そんなことを思っているとエヴァの怒号の叫び声とネギ君の謝罪が入った声が聞こえてきて、

 

「あ、マスターが元気に……よかったです」

「いや、なにか論点がずれていないか?」

「まったくね」

 

とりあえず茶々丸に続いて家の中に入ってみると、所狭しとファンシーな人形などが並べられていて趣味がわかるようなものだった。

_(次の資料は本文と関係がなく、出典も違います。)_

theorem corollary3p6:
  fixes G Gl :: "'n::finite set set" and p :: "nat \<Rightarrow> 'n" and n d :: nat
  assumes "simple_graph G" and "simple_graph Gl" and "G \<subseteq> Gl"
    and "n \<ge> 1" and "induced_path G p n"
    and "d \<ge> 1" and "path_power_edges p n d \<subseteq> Gl"
    and "\<forall>i\<in>{1..n - d - 1}. focused G Gl (p ` {1..n}) (p i) (p (i + d))"
  shows "apply_forces G Gl (map (\<lambda>i. (p (i + d), p i, p (i + d + 1))) [1..<n - d])
           = Some (Gl \<union> {{p i, p (i + d + 1)} | i. 1 \<le> i \<and> i \<le> n - d - 1})
       \<and> (\<forall>A X. A \<in> S_pattern G \<longrightarrow> X \<in> S0_closure (compl_graph Gl) \<longrightarrow> A ** X - X ** A = 0
            \<longrightarrow> X \<in> S0_closure (compl_graph (Gl \<union> {{p i, p (i + d + 1)} | i. 1 \<le> i \<and> i \<le> n - d - 1})))"
proof -
  have "path_forced_edges p d 1 = {}"
    and "path_forced_edges p d (max 1 (n - d)) = {{p i, p (i + d + 1)} | i. 1 \<le> i \<and> i \<le> n - d - 1}"
    unfolding path_forced_edges_def by (auto simp: max_def)
  then have forces: "apply_forces G Gl (map (\<lambda>i. (p (i + d), p i, p (i + d + 1))) [1..<n - d])
           = Some (Gl \<union> {{p i, p (i + d + 1)} | i. 1 \<le> i \<and> i \<le> n - d - 1})"
    using apply_forces_along_path[OF assms(5-8), of 1] by simp
  then show ?thesis
    using apply_forces_preserves_S0_closure[OF forces] \<open>G \<subseteq> Gl\<close> by simp
qed

end
lemma in_component_imp_is_path:
  assumes "w \<in> component F u" and "u \<noteq> w"
  obtains p where "is_path F p u w"
proof -
  obtain xs where "rtrancl_path (adjacent F) u xs w"
    using assms(1) by (auto simp: component_def rtranclp_eq_rtrancl_path)
  then obtain ys where ys: "rtrancl_path (adjacent F) u ys w" "distinct (u # ys)"
    by (rule rtrancl_path_distinct)
  have "ys \<noteq> []"
    using ys(1) assms(2) by (auto elim: rtrancl_path.cases)
  moreover have "{(u # ys) ! i, (u # ys) ! Suc i} \<in> F" if "Suc i < length (u # ys)" for i
    using rtrancl_path_nth[OF ys(1), of i] that by (simp add: adjacent_def)
  ultimately have "is_path F (u # ys) u w"
    using ys rtrancl_path_last[OF ys(1)] by (auto simp: is_path_def Suc_le_eq)
  with that show ?thesis .
qed

lemma simple_graph_edgeE:
  assumes "simple_graph V E" and "e \<in> E"
  obtains a b where "e = {a, b}" "a \<noteq> b" "a \<in> V" "b \<in> V"
  using assms unfolding simple_graph_def by blast

lemma simple_graph_edge_subset: "simple_graph V E \<Longrightarrow> e \<in> E \<Longrightarrow> e \<subseteq> V"
  by (elim simple_graph_edgeE) auto

lemma simple_graph_finite_edge: "simple_graph V E \<Longrightarrow> e \<in> E \<Longrightarrow> finite e"
  by (elim simple_graph_edgeE) auto

lemma graph_connected_subset_component:
  assumes "graph_connected V F" and "x \<in> V"
  shows "V \<subseteq> component F x"
proof
  fix y assume "y \<in> V"
  show "y \<in> component F x"
  proof (cases "x = y")
    case False
    with assms \<open>y \<in> V\<close> obtain p where "is_path F p x y"
      unfolding graph_connected_def by blast
    then show ?thesis
      by (rule is_path_imp_in_component)
  qed simp
qed

lemma two_edge_connected_remove_edge:
  assumes "two_edge_connected V E"
  shows "graph_connected V (E - {g})"
proof (cases "g \<in> E")
  case True
  then have "{g} \<subseteq> E \<and> finite {g} \<and> card {g} < 2"
    by simp
  with assms show ?thesis
    unfolding two_edge_connected_def by blast
next
  case False
  with assms show ?thesis
    by (simp add: two_edge_connected_def)
qed
lemma inner_compensated_input_nonpos:
  fixes N :: "real^'n^'n" and \<zeta> u F :: "real^'n" and a b \<kappa> f :: real
  assumes sym: "\<And>x y. x \<bullet> (N *v y) = (N *v x) \<bullet> y"
    and lower: "\<And>x. b * (norm x)\<^sup>2 \<le> x \<bullet> (N *v x)"
    and upper: "\<And>x. x \<bullet> (N *v x) \<le> a * (norm x)\<^sup>2"
    and "0 < b" and "b \<le> a" and "1 \<le> \<kappa>" and "0 \<le> f"
    and drift: "\<zeta> \<bullet> F \<le> norm \<zeta> * f"
  defines "h \<equiv> 2 / (a + b)" and "\<epsilon> \<equiv> (a - b) / (a + b)"
  defines "u1 \<equiv> - (\<kappa> / (1 - \<epsilon>) * (\<epsilon> * norm u + f) / norm \<zeta>) *\<^sub>R \<zeta>"
  shows "\<zeta> \<bullet> (u1 + ((N ** (h *\<^sub>R mat 1) - mat 1) *v (u1 + u)) + F) \<le> 0"
proof -
  define c where "c = \<kappa> / (1 - \<epsilon>) * (\<epsilon> * norm u + f)"
  have "0 < h" and hb: "h * b = 1 - \<epsilon>" and \<epsilon>: "0 \<le> \<epsilon>" "\<epsilon> < 1"
    using \<open>0 < b\<close> \<open>b \<le> a\<close> by (auto simp: h_def \<epsilon>_def field_simps)
  then have "0 \<le> c" using \<open>1 \<le> \<kappa>\<close> \<open>0 \<le> f\<close> by (simp add: c_def)
  have "h * (\<zeta> \<bullet> (N *v u1)) \<le> - (h * b * c * norm \<zeta>)"
    using mult_left_mono[OF inner_matrix_vector_radial_le[OF lower \<open>0 \<le> c\<close>], of h] \<open>0 < h\<close>
    by (simp add: u1_def c_def mult.assoc)
  also have "h * b * c = \<kappa> * (\<epsilon> * norm u + f)"
    using hb \<epsilon> by (simp add: c_def)
  finally have radial: "h * (\<zeta> \<bullet> (N *v u1)) \<le> - (\<kappa> * (\<epsilon> * norm u + f) * norm \<zeta>)" .
  have deviation: "\<zeta> \<bullet> (h *\<^sub>R (N *v u) - u) \<le> \<epsilon> * norm \<zeta> * norm u"
    unfolding h_def \<epsilon>_def
    by (rule inner_harmonic_scaling_sub_id_le[OF sym lower upper \<open>0 < b\<close> \<open>b \<le> a\<close>])
  have "\<zeta> \<bullet> (u1 + ((N ** (h *\<^sub>R mat 1) - mat 1) *v (u1 + u)) + F)
      = h * (\<zeta> \<bullet> (N *v u1)) + \<zeta> \<bullet> (h *\<^sub>R (N *v u) - u) + \<zeta> \<bullet> F"
    by (simp add: matrix_vector_mult_diff_rdistrib matrix_vector_mul_assoc[symmetric]
        matrix_vector_mult_scaleR matrix_vector_right_distrib inner_add_right inner_diff_right
        algebra_simps)
  also have "\<dots> \<le> - ((\<kappa> - 1) * ((\<epsilon> * norm u + f) * norm \<zeta>))"
    using radial deviation drift by (simp add: algebra_simps)
  also have "\<dots> \<le> 0"
    using \<open>1 \<le> \<kappa>\<close> \<epsilon> \<open>0 \<le> f\<close> by simp
  finally show ?thesis .
qed

lemma norm_matrix_vector_le_spec_norm: "norm (A *v x) \<le> spec_norm A * norm x"
  unfolding spec_norm_def by (rule onorm) simp

lemma inner_neg_matrix_inv_drift_le:
  fixes M C :: "real^'n^'n"
  assumes "0 < k" and coercive: "\<And>x. k * (norm x)\<^sup>2 \<le> x \<bullet> (M *v x)"
    and "spec_norm C \<le> kc * norm v" and "norm G \<le> kg"
  shows "z \<bullet> - (matrix_inv M *v (C *v v + G)) \<le> norm z * (inverse k * (kc * (norm v)\<^sup>2 + kg))"
proof -
  have "norm (C *v v + G) \<le> kc * (norm v)\<^sup>2 + kg"
    using norm_matrix_vector_le_spec_norm[of C v] \<open>norm G \<le> kg\<close> norm_triangle_ineq[of "C *v v" G]
      mult_right_mono[OF \<open>spec_norm C \<le> kc * norm v\<close> norm_ge_zero[of v]]
    by (simp add: power2_eq_square)
  then have "norm (matrix_inv M *v (C *v v + G)) \<le> inverse k * (kc * (norm v)\<^sup>2 + kg)"
    using norm_matrix_inv_vector_le[OF \<open>0 < k\<close> coercive, of "C *v v + G"] \<open>0 < k\<close>
    by (smt (verit) inverse_positive_iff_positive mult_left_mono)
  then show ?thesis
    using norm_cauchy_schwarz[of z "- (matrix_inv M *v (C *v v + G))"]
    by (smt (verit) mult_left_mono norm_ge_zero norm_minus_cancel)
qed

theorem lemma6:
  fixes M C :: "real^'m^'m" and G v \<zeta> u2 :: "real^'m"
    and km kM kc kg \<kappa> :: real
  assumes sym: "transpose M = M"
    and km_pos: "0 < km" and km_le: "km \<le> kM"
    and lowM: "loewner_le (km *\<^sub>R mat 1) M"
    and uppM: "loewner_le M (kM *\<^sub>R mat 1)"
    and kc_pos: "0 < kc" and kg_pos: "0 < kg"
    and Cb: "spec_norm C \<le> kc * norm v"
    and Gb: "norm G \<le> kg"
    and kappa: "\<kappa> \<ge> 1"
  shows
    "let Mhat = (2 / (inverse km + inverse kM)) *\<^sub>R (mat 1 :: real^'m^'m);
         \<epsilon> = (inverse km - inverse kM) / (inverse km + inverse kM);
         fv = inverse km * (kc * (norm v)\<^sup>2 + kg);
         F = - (matrix_inv M *v (C *v v + G));
         u1 = (if \<zeta> \<noteq> 0
               then - ((\<kappa> / (1 - \<epsilon>)) * (\<epsilon> * norm u2 + fv) / norm \<zeta>) *\<^sub>R \<zeta>
               else 0);
         Z = u1 + ((matrix_inv M ** Mhat - mat 1) *v (u1 + u2)) + F
     in \<zeta> \<bullet> Z \<le> 0"
proof -
  have lower: "\<And>x. km * (norm x)\<^sup>2 \<le> x \<bullet> (M *v x)"
    using lowM by (simp add: scaled_identity_loewner_le_iff)
  have upper: "\<And>x. x \<bullet> (M *v x) \<le> kM * (norm x)\<^sup>2"
    using uppM by (simp add: loewner_le_scaled_identity_iff)
  have "0 < inverse kM" "inverse kM \<le> inverse km"
    using km_pos km_le by (auto simp: le_imp_inverse_le)
  moreover have "0 \<le> inverse km * (kc * (norm v)\<^sup>2 + kg)"
    using km_pos kc_pos kg_pos by simp
  ultimately show ?thesis
    using inner_compensated_input_nonpos[where \<zeta> = \<zeta> and u = u2, OF
        symmetric_matrix_inv_inner[OF sym invertible_of_coercive[OF km_pos lower]]
        matrix_inv_quadratic_lower[OF sym km_pos km_le lower upper]
        matrix_inv_quadratic_upper[OF km_pos lower] _ _ kappa _
        inner_neg_matrix_inv_drift_le[OF km_pos lower Cb Gb]]
    by (simp add: Let_def)
qed

end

そしてそこではネギ君とエヴァが子供の喧嘩のようなやり取りを繰り広げていた。

 

「む? 茶々丸、帰ってきたか、って何故約二名余計な奴らがいるんだ!?」

「はい。近くで会いましたので衛宮先生も用があったらしいのでお連れしました」

「ちっ! 余計な痴態を見せてしまったな」

「ごめんなさい、エヴァンジェリンさん……」

「もういい。知られてしまったのは変わらんからな。ほら、保護者も迎えに来たことだしさっさと帰ることだな」

「これは余計な心配だったようだな」

「そうね。でもエヴァの面白い一面が見られて楽しかったわ」

「ぐっ! 衛宮イリヤ、実はかなり性格悪いだろう?」

「あら、そう?」

 

……とりあえずネギ君には長くなりそうなので先に帰っていいと言って帰らせておいた。

それからまた姉さんとエヴァによる小さな争いが勃発してため息をついていると部屋の窓際付近から不気味な笑い声が聞こえて行ってみると、そこには茶々丸に少しだけ似ているが背は二頭身くらいの人に恐怖を与えそうな表情をしたパペット人形が置かれていた。

 

「ヨオ、お前ガ衛宮士郎カ?」

「魂が宿っている人形か。魔力は流れていないが一応はエヴァの従者の一人という事か?」

「一目デ見破ルトハヤッパリヤルジャネエカ。益々オ前ト戦イタクナッタゼ」

「それは嬉しいことだな。だがその体ではろくに動けそうにないだろう? ちなみにお前の名前はなんというのだ?」

「チャチャゼロダ」

 

そこで姉さんと言葉の言い合いをしていたエヴァが後ろから教えてくれた。

話によるとエヴァが俺のことをチャチャゼロに教えたところとても興味を持ったとの事だ。

 

「それはそうと喜べ衛宮士郎。近々本気でぼうやと戦うことになるだろうからな」

「そんなことを俺に教えてもいいのかね?」

「ふんっ! 私をなめるなよ? 貴様ごとき少し本気を出せばすぐにでも殺せるということを覚えておくんだな?」

「ふっ。実に頼もしいお言葉だ。では期待しておこう。ダーク・エヴァンジェリン」

「私の強さに歓喜の涙を流すがいいさ。麻帆良ブラウニー」

「……ふふふ」

「……くくく」

 

お互いに罵倒しあいながら暗い笑みを俺とエヴァは浮かべていたらしいとその後に姉さんが教えてくれた。

そんなに暗かっただろうか?

 

「ケケケ、ジャ楽シミニシテオケヨ衛宮。アノ坊主ハ俺ニハ役者不足ダガ、オマエナラ本気ヲ出セソウダシナ」

「では俺の最初の相手はチャチャゼロということか」

「マ、最初デ最後トカイウ言葉モアルダロ?」

「それはお互いに言えることだな」

「チガエネェナ」

「では、そのときになったらまた会おう。エヴァに茶々丸、チャチャゼロ。では帰るとしようか姉さん」

「ええ、そうね。そうだわ、エヴァ。もし負けたらなぐさめてあげるわねぇ~」

「ええい! やかましい! さっさと貴様は帰らんか!」

 

最後は姉さんの挑発によってこの場は終了した。

……しかし、これは本当に戦う前の空気なのか疑問に思ってしまったのは俺だけだろうか?

 

 

 




イリヤがエヴァ弄りのアップを始めている。